Page MenuHomePhabricator

Word count for field "Biography" ignores non-latin
Open, LowestPublicBUG REPORT

Description

Author: wikimedia.org

Description:
I have a Hebrew-language Wiki and I had to set Biography words to 0, or the form ignores submitted Biography, always claiming there are not enough words. a simple Latin Lorem Ipsum works fine. I suppose it's some sort of a Regular expression for the tokenizer/word counter that needs adjusting.


Version: REL1_21-branch
Severity: major

Details

Reference
bz55734

Event Timeline

bzimport raised the priority of this task from to Medium.Nov 22 2014, 2:35 AM
bzimport set Reference to bz55734.
bzimport added a subscriber: Unknown Object (MLST).

(In reply to comment #0)

I have a Hebrew-language Wiki and I had to set Biography words to 0, or the
form ignores submitted Biography, always claiming there are not enough
words. a
simple Latin Lorem Ipsum works fine.
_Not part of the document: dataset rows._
locale symplectic_form = V: group V + K: comm_group K
  for V :: "('a, 'b) monoid_scheme" and K :: "('c, 'd) monoid_scheme" +
  fixes B :: "'a \<Rightarrow> 'a \<Rightarrow> 'c" and p :: nat
  assumes prime_p: "Factorial_Ring.prime p" and card_K: "card (carrier K) = p"
    and B_closed: "\<lbrakk>u \<in> carrier V; v \<in> carrier V\<rbrakk> \<Longrightarrow> B u v \<in> carrier K"
    and B_mult_left: "\<lbrakk>u \<in> carrier V; v \<in> carrier V; w \<in> carrier V\<rbrakk>
      \<Longrightarrow> B (u \<otimes>\<^bsub>V\<^esub> v) w = B u w \<otimes>\<^bsub>K\<^esub> B v w"
    and B_mult_right: "\<lbrakk>u \<in> carrier V; v \<in> carrier V; w \<in> carrier V\<rbrakk>
      \<Longrightarrow> B u (v \<otimes>\<^bsub>V\<^esub> w) = B u v \<otimes>\<^bsub>K\<^esub> B u w"
    and B_self: "u \<in> carrier V \<Longrightarrow> B u u = \<one>\<^bsub>K\<^esub>"
    and nondegenerate: "\<lbrakk>u \<in> carrier V; \<And>v. v \<in> carrier V \<Longrightarrow> B u v = \<one>\<^bsub>K\<^esub>\<rbrakk> \<Longrightarrow> u = \<one>\<^bsub>V\<^esub>"
begin

lemma group_hom_B_left: "v \<in> carrier V \<Longrightarrow> group_hom V K (\<lambda>u. B u v)"
  by (auto intro!: homI simp: group_hom_def group_hom_axioms_def B_closed B_mult_left
      V.is_group K.is_group)
lemma adjoint_pinv_comp:
  fixes S :: "'a::{real_inner,complete_space} \<Rightarrow> 'a"
    and C :: "'b::{real_inner,complete_space} \<Rightarrow> 'a"
  assumes S_sym: "\<And>x y. inner (S x) y = inner x (S y)"
    and C_adj: "\<And>v x. inner (C v) x = inner v (C' x)"
    and range_C: "range C \<subseteq> range S"
    and R_bl: "bounded_linear (\<lambda>v. pinv S (C v))"
    and y: "y \<in> pinv_dom S"
  shows "adjoint (\<lambda>v. pinv S (C v)) y = adjoint C (pinv S y)"
proof -
  let ?R = "\<lambda>v. pinv S (C v)"
  obtain x where x: "x \<in> closure (range S)" and residual: "\<And>z. inner (y - S x) (S z) = 0"
    using y unfolding pinv_dom_def by blast
  have "pinv S y = x"
    using pinv_eqI[OF S_sym x residual] .
  moreover have "adjoint C = C'"
    using C_adj by (intro adjoint_unique) blast
  moreover have "inner v (adjoint ?R y) = inner v (C' x)" for v
  proof -
    obtain a where a: "C v = S a"
      using range_C by blast
    have "inner (y - S x) (?R v) = 0"
      using inner_zero_on_closure[of "range S", OF _ pinv_image_in_closure_range[OF S_sym]]
        residual a by auto
    then have "inner v (adjoint ?R y) = inner (?R v) (S x)"
      by (simp add: bounded_linear_adjoint_works[OF R_bl, symmetric] inner_diff inner_commute)
    also have "\<dots> = inner (C v) x"
      by (simp add: S_sym[symmetric] a pinv_apply_image[OF S_sym])
    finally show ?thesis
      by (simp add: C_adj)
  qed
  ultimately show ?thesis
    using vector_eq_ldot by metis
qed
lemma min_poly_over: "poly_over F (min_poly F x)"
  unfolding poly_over_def min_poly_def using coeff_poly_of_list_mem[OF Irr_carrier] subfield_CC_zero[OF F]
  by auto

lemma min_poly_root: "poly (min_poly F x) x = 0"
  using Irr_root by (simp add: min_poly_def eval_eq_poly_of_list)

lemma degree_min_poly: "degree (min_poly F x) = Polynomials.degree (C.Irr F x)"
  unfolding min_poly_def by (rule degree_poly_of_list[OF Irr_carrier])

lemma degree_min_poly_pos: "degree (min_poly F x) \<ge> 1"
  using C.pirreducible_degree[OF F Irr_carrier Irr_pirreducible] degree_min_poly by simp

lemma min_poly_monic: "lead_coeff (min_poly F x) = 1"
proof -
  have "C.Irr F x \<noteq> []"
    using degree_min_poly_pos degree_min_poly by auto
  thus ?thesis
    using lead_coeff_poly_of_list[OF Irr_carrier] Irr_monic by (simp add: min_poly_def)
qed

lemma min_poly_nonzero: "min_poly F x \<noteq> 0"
  using min_poly_monic by auto

lemma min_poly_dvd:
  assumes "poly_over F P" "poly P x = 0"
  shows "min_poly F x dvd P"
proof -
  have "list_of_poly P \<in> carrier (F[X]\<^bsub>CC\<^esub>)"
    using assms(1) list_of_poly_carrier poly_over_def by auto
  moreover have "C.eval (list_of_poly P) x = 0"
    using assms(2) by (simp add: eval_list_of_poly)
  ultimately have "C.Irr F x pdivides\<^bsub>CC\<^esub> list_of_poly P"
    using C.Irr_minimal[OF F _ alg] by auto
  thus ?thesis
    using pdivides_imp_dvd unfolding min_poly_def by fastforce
qed

lemma degree_min_poly_le:
  assumes "poly_over F P" "poly P x = 0" "P \<noteq> 0"
  shows "degree (min_poly F x) \<le> degree P"
  using min_poly_dvd[OF assms(1,2)] assms(3) by (simp add: dvd_imp_degree_le)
I suppose it's some sort of a Regular
expression for the tokenizer/word counter that needs adjusting.

Aklapper lowered the priority of this task from Medium to Lowest.Dec 29 2014, 12:29 AM
Aklapper subscribed.

Hi is this still a problem since it has been 2 years since mediawiki 1.21 has been released and 1.21 is now unsupported.

Aklapper changed the subtype of this task from "Task" to "Bug Report".Aug 18 2022, 9:06 PM
Aklapper removed a subscriber: wikibugs-l-list.
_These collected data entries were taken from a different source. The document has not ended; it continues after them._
(* For any model $M$ (on $n$ variables), $M_{\wedge,\to}$ is contained in $U(n)_{\wedge,\to}$. In particular, $M_{\wedge,\to}$ is a generated submodel of $U(n)$ in which every chain has at most $n$ elements, and $M_{\wedge,\to}$ (as well as $U(n)_{\wedge,\to}$) is finite.
   Context: Fix $n\ge1$ and variables $p_1,\dots,p_n$; $2^n=\{0,1\}^n$ with componentwise order. A model is $(M,\le,c)$, $(M,\le)$ a poset, $c:M\to 2^n$ order-preserving, with intuitionistic Kripke semantics ($x\models p_i$ iff $c(x)_i=1$). A p-morphism of models is an order- and colour-preserving map $f$ such that $f(x)\le y$ implies $f(x')=y$ for some $x'\ge x$. A generated submodel is an up-set with the restricted structure. A point $x$ is separated if for some variable $q$, $x\not\models q$ but all $y>x$ satisfy $q$. $M^s$ is the set of separated points of $M$ with restricted order and colouring; all chains in $M^s$ have at most $n$ elements. $U(n)$ is the $n$-universal model: the generated submodel of the canonical model of IPC on $p_1,\dots,p_n$ (prime filters of the free Heyting algebra on $p_1,\dots,p_n$ ordered by inclusion, $c(x)_i=1$ iff $p_i\in x$) consisting of points with finite up-set. For every model $N$ of finite depth there is a unique p-morphism $N\to U(n)$. For a model $M$, with $f:M^s\to U(n)$ the unique p-morphism, $M_{\wedge,\to}:=f(M^s)$, a generated submodel of $U(n)$; $U(n)_{\wedge,\to}$ is the case $M=U(n)$. *)

theory Defs
  imports Main
begin

text \<open>A model on n variables (variables indexed 0..n-1): a carrier A with a partial order le
  on A and a colouring c, where c x is the set of indices of variables true at x
  (so c x \<subseteq> {..<n}, i.e. an element of 2^n), order-preserving.\<close>

definition is_model :: "nat \<Rightarrow> 'a set \<Rightarrow> ('a \<Rightarrow> 'a \<Rightarrow> bool) \<Rightarrow> ('a \<Rightarrow> nat set) \<Rightarrow> bool" where
  "is_model n A le c \<longleftrightarrow>
     (\<forall>x\<in>A. le x x) \<and>
     (\<forall>x\<in>A. \<forall>y\<in>A. \<forall>z\<in>A. le x y \<longrightarrow> le y z \<longrightarrow> le x z) \<and>
     (\<forall>x\<in>A. \<forall>y\<in>A. le x y \<longrightarrow> le y x \<longrightarrow> x = y) \<and>
     (\<forall>x\<in>A. c x \<subseteq> {..<n}) \<and>
     (\<forall>x\<in>A. \<forall>y\<in>A. le x y \<longrightarrow> c x \<subseteq> c y)"

definition p_morphism ::
  "'a set \<Rightarrow> ('a \<Rightarrow> 'a \<Rightarrow> bool) \<Rightarrow> ('a \<Rightarrow> nat set) \<Rightarrow>
   'b set \<Rightarrow> ('b \<Rightarrow> 'b \<Rightarrow> bool) \<Rightarrow> ('b \<Rightarrow> nat set) \<Rightarrow> ('a \<Rightarrow> 'b) \<Rightarrow> bool" where
  "p_morphism A le c B le' c' f \<longleftrightarrow>
     (\<forall>x\<in>A. f x \<in> B) \<and>
     (\<forall>x\<in>A. \<forall>y\<in>A. le x y \<longrightarrow> le' (f x) (f y)) \<and>
     (\<forall>x\<in>A. c' (f x) = c x) \<and>
     (\<forall>x\<in>A. \<forall>y\<in>B. le' (f x) y \<longrightarrow> (\<exists>x'\<in>A. le x x' \<and> f x' = y))"

definition generated_sub :: "'a set \<Rightarrow> ('a \<Rightarrow> 'a \<Rightarrow> bool) \<Rightarrow> 'a set \<Rightarrow> bool" where
  "generated_sub A le S \<longleftrightarrow> S \<subseteq> A \<and> (\<forall>x\<in>S. \<forall>y\<in>A. le x y \<longrightarrow> y \<in> S)"

definition sep_points :: "nat \<Rightarrow> 'a set \<Rightarrow> ('a \<Rightarrow> 'a \<Rightarrow> bool) \<Rightarrow> ('a \<Rightarrow> nat set) \<Rightarrow> 'a set" where
  "sep_points n A le c =
     {x\<in>A. \<exists>q<n. q \<notin> c x \<and> (\<forall>y\<in>A. le x y \<and> y \<noteq> x \<longrightarrow> q \<in> c y)}"

definition is_chain_in :: "('a \<Rightarrow> 'a \<Rightarrow> bool) \<Rightarrow> 'a set \<Rightarrow> 'a set \<Rightarrow> bool" where
  "is_chain_in le S C \<longleftrightarrow> C \<subseteq> S \<and> (\<forall>x\<in>C. \<forall>y\<in>C. le x y \<or> le y x)"

datatype form = Var nat | Bot | Conj form form | Disj form form | Impl form form

fun vars :: "form \<Rightarrow> nat set" where
  "vars (Var i) = {i}"
| "vars Bot = {}"
| "vars (Conj a b) = vars a \<union> vars b"
| "vars (Disj a b) = vars a \<union> vars b"
| "vars (Impl a b) = vars a \<union> vars b"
This is because internally ConfirmAccount uses PHP's str_word_count (line 141 of /includes/business/AccountRequestSubmission.php as of the master version of the extension), which is known to be buggy for UTF-8 characters.

In 38f20cc79815bbe588362e84ba106364e8164d15 back in 2019, to fix T60280, I somewhat "fixed" a similar issue for ArticleFeedbackv5 by using a custom, user-submitted UTF-8-aware str_word_count implementation. It's hardly perfect as it still returns incorrect results at least for CJK languages...and perhaps even Hebrew, which is the language mentioned here in the initial report.

Still, copying what AFTv5 does is probably an improvement over the status quo, even if not by much. However, I'd hope that something better would be available now, 6 years later.

cc'ing @MarkAHershberger for awareness & thoughts on this.